Roma le da un besito en la sien. Él le mira un poquito de reojo y se rasca la nariz con el dorso de la mano.
— ¿V-Vamos adentro? E-Es decir, bueno, yo voy a ir... No sé tú sí... Claro que eres un desconocido y no deberías quedarte solo —vacila dando una vuelta sobre sí mismo mientras habla, notando que no hay nadie.
—Como quieras. No me han dicho, pero hicimos milhojas con chocolate para postre.
Le brillan los ojos con la mención del chocolate, mirándole.
—Vamos al palacio entonces —asiente arreglándose aún la ropa sudada y sacudiéndose el pelo porque lo siente lleno de ramitas. Se acomoda el armario que trae encima, además, sin saber de qué hablar con este hombre. Decide mejor quedarse en silencio y si hablan, ya será porque hable él.
—Dicen que te gusta mucho, quizás quieras venir a cenar en vez de esconderte en tu cuarto.
Justo lo que pretendía hacer, claro. Orejitas rojas.
—M-Me gusta el chocolate —responde pensando que sí que tiene hambre, pero va a ser INCOMODISIMO cenar con él ahí y con Francia... y Francia... No podía siquiera enfadarse con él o sentir celos de lo que estaba haciendo si él había hecho lo mismo. Aprieta los ojos pensando que quizás no ha sido tan buena idea.
—Lo sé, especialmente los bombones con leche y trufa que son más dulces que el chocolate amargo. Esos son tus favoritos —le ha regalado bombones como agradecimiento por algunos trapicheos con sus cuentas más de una vez.
Suiza le mira de reojo un poco descolocado porque no hace tanto que ha empezado a mezclar chocolate con leche y azúcar y es verdad que le gusta mucho.
—¿Cómo sabes?
—Sabes a eso cuando te beso —responde. Levanta las cejas y se lleva una mano a la boca, tapándosela, sonrojándose más aún. Roma se ríe.

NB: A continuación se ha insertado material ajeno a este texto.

(* Let $X\subseteq A^{\mathbb{N}}$ be a (one-sided) sofic shift over a finite alphabet $A$. Then the winning shift $W(X)\subseteq\{0,\dots,|A|-1\}^{\mathbb{N}}$ is weakly $1$-codable; if moreover $X$ is countable, then $W(X)$ is $1$-codable.
   Context: A sofic shift is the set of labels of right-infinite paths in a finite edge-labeled graph. Winning shift: for $X\subseteq A^{\mathbb{N}}$ and a choice sequence $\alpha=\alpha_0\alpha_1\cdots\in\{0,\dots,|A|-1\}^{\mathbb{N}}$, Alice and Bob play infinitely many rounds; in round $j$ Alice chooses $A_j\subseteq A$ with $|A_j|=\alpha_j+1$ and Bob chooses $a_j\in A_j$; Alice wins if $a_0a_1\cdots\in X$. $W(X)$ is the set of $\alpha$ for which Alice has a winning strategy. The ANS with language $0^*$ and radix order has $\mathrm{rep}(n)=0^n$; tuples are represented by left-padding with a new symbol $\#$; $Y\subseteq\mathbb{N}^d$ is $1$-recognizable if $\mathrm{rep}(Y)$ is regular. For $\mathbf{y}\in\mathbb{N}^{\mathbb{N}}$: $\sum\mathbf{y}=\sum_iy_i$; if finite, $\nu(\mathbf{y})$ is the unique nondecreasing tuple $(n_1,\dots,n_d)$ with $y_j=|\{k:n_k=j\}|$. The coding dimension of $Y\subseteq\mathbb{N}^{\mathbb{N}}$ is the least $d$ bounding $\sum\mathbf{y}$ on $Y$, if it exists. $Y$ is weakly $1$-codable if for each $k$ the set $\{\nu(\mathbf{y}):\mathbf{y}\in Y,\sum\mathbf{y}\le k\}$ is $1$-recognizable in each dimension, and $1$-codable if moreover its coding dimension is finite (here $W(X)$ is viewed with zero symbol $0$). *)

theory Defs
  imports Main "HOL-Library.Countable_Set"
begin

definition sofic :: "(nat \<Rightarrow> 'a) set \<Rightarrow> bool" where
  "sofic X \<longleftrightarrow> (\<exists>E :: (nat \<times> 'a \<times> nat) set. finite E \<and>
      X = {x. \<exists>p :: nat \<Rightarrow> nat. \<forall>i. (p i, x i, p (Suc i)) \<in> E})"

text \<open>A strategy of Alice maps the history of Bob's previous choices
a_0 ... a_(j-1) to the set A_j.\<close>

definition alice_wins :: "(nat \<Rightarrow> 'a::finite) set \<Rightarrow> (nat \<Rightarrow> nat) \<Rightarrow> bool" where
  "alice_wins X \<alpha> \<longleftrightarrow> (\<exists>\<sigma> :: 'a list \<Rightarrow> 'a set.
      (\<forall>w. card (\<sigma> w) = \<alpha> (length w) + 1) \<and>
      (\<forall>a :: nat \<Rightarrow> 'a. (\<forall>j. a j \<in> \<sigma> (map a [0..<j])) \<longrightarrow> a \<in> X))"

definition winning_shift :: "(nat \<Rightarrow> 'a::finite) set \<Rightarrow> (nat \<Rightarrow> nat) set" where
  "winning_shift X = {\<alpha>. (\<forall>j. \<alpha> j < card (UNIV :: 'a set)) \<and> alice_wins X \<alpha>}"

definition regular_lang :: "'b list set \<Rightarrow> bool" where
  "regular_lang L \<longleftrightarrow> (\<exists>(Q :: nat set) q0 (\<delta> :: nat \<Rightarrow> 'b \<Rightarrow> nat) F.
      finite Q \<and> q0 \<in> Q \<and> (\<forall>q\<in>Q. \<forall>b. \<delta> q b \<in> Q) \<and> F \<subseteq> Q \<and>
      L = {w. foldl \<delta> q0 w \<in> F})"
(* Let $k\ge 2$ and let $G=K_{n_1,n_2,\ldots,n_k}$ be the complete $k$-partite graph with part sizes $n_1,\dots,n_k$, where $n_i\ge 2$ for every $1\le i\le k$. Then $$\mathcal{R}(G)=\sum_{i=1}^k n_i\left(\frac{n_i-1}{n_i}+\sum_{\substack{t=1\\ t\neq i}}^k n_t\right)^{-1}\left(\frac{n_i-1}{2n_i}+\sum_{\substack{t=1\\ t\neq i}}^k\frac{n_t}{n_i+n_t}\right).$$
   Context: All graphs are finite, simple and connected, with at least two vertices; $d(u,v)$ denotes the shortest-path distance. $V_p$ denotes the set of all unordered pairs $(u,v)$ of distinct vertices. A vertex $x$ resolves the pair $(u,v)$ if $d(x,u)\neq d(x,v)$. For $(u,v)\in V_p$, $R(u,v)$ is the set of all vertices resolving $(u,v)$ (it always contains $u$ and $v$). The resolving share of a vertex $w$ for $(u,v)$ is $r_w(u,v)=\frac{1}{|R(u,v)|}$ if $w$ resolves $u$ and $v$, and $r_w(u,v)=0$ otherwise. For a vertex $w$, $R(w)$ is the set of pairs in $V_p$ resolved by $w$. The average resolving share of $w$ is $ar_w(G)=\frac{1}{|R(w)|}\sum_{(u,v)\in R(w)} r_w(u,v)$, and the resolving topological index of $G$ is $\mathcal{R}(G)=\sum_{w\in V(G)} ar_w(G)$. *)

theory Defs
  imports Complex_Main
begin

text \<open>A simple graph is given by a finite vertex set V and a symmetric irreflexive
edge predicate E with edges only between vertices of V.\<close>

definition graph_dist :: "('a \<Rightarrow> 'a \<Rightarrow> bool) \<Rightarrow> 'a \<Rightarrow> 'a \<Rightarrow> nat" where
  "graph_dist E u v = (LEAST n. (E ^^ n) u v)"

definition resolves :: "('a \<Rightarrow> 'a \<Rightarrow> bool) \<Rightarrow> 'a \<Rightarrow> 'a set \<Rightarrow> bool" where
  "resolves E x p = (\<exists>u v. p = {u, v} \<and> graph_dist E x u \<noteq> graph_dist E x v)"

—Tú no sabes a nada especial... Aunque hueles.
—¿Huelo?
—Oui... A limón.
—Oh —se huele—. Es perfume, me gusta.
Suiza está seguro que lo va a tener en la nariz pegado por días y días y días... Y quizás se acuerde de esto para siempre cuando huela a los limones. Aprieta los ojos.
—¿Haces esto a menudo?
—Sic.
—Hmm
—Es mejor de lo que suena... es divertido.
—Divertido...
—Pues lo has pasado bien, ¿no?
—Es que es... Extraño. Es algo muy íntimo y...
—Depende de cómo se haga es intimo o no.
—Es extraño.
—Nada más consiste en diferenciar el placer del amor.
Muy complejo. MUY.
—No había hecho esto así. Eso del placer. Es extraño y una pérdida de tiempo.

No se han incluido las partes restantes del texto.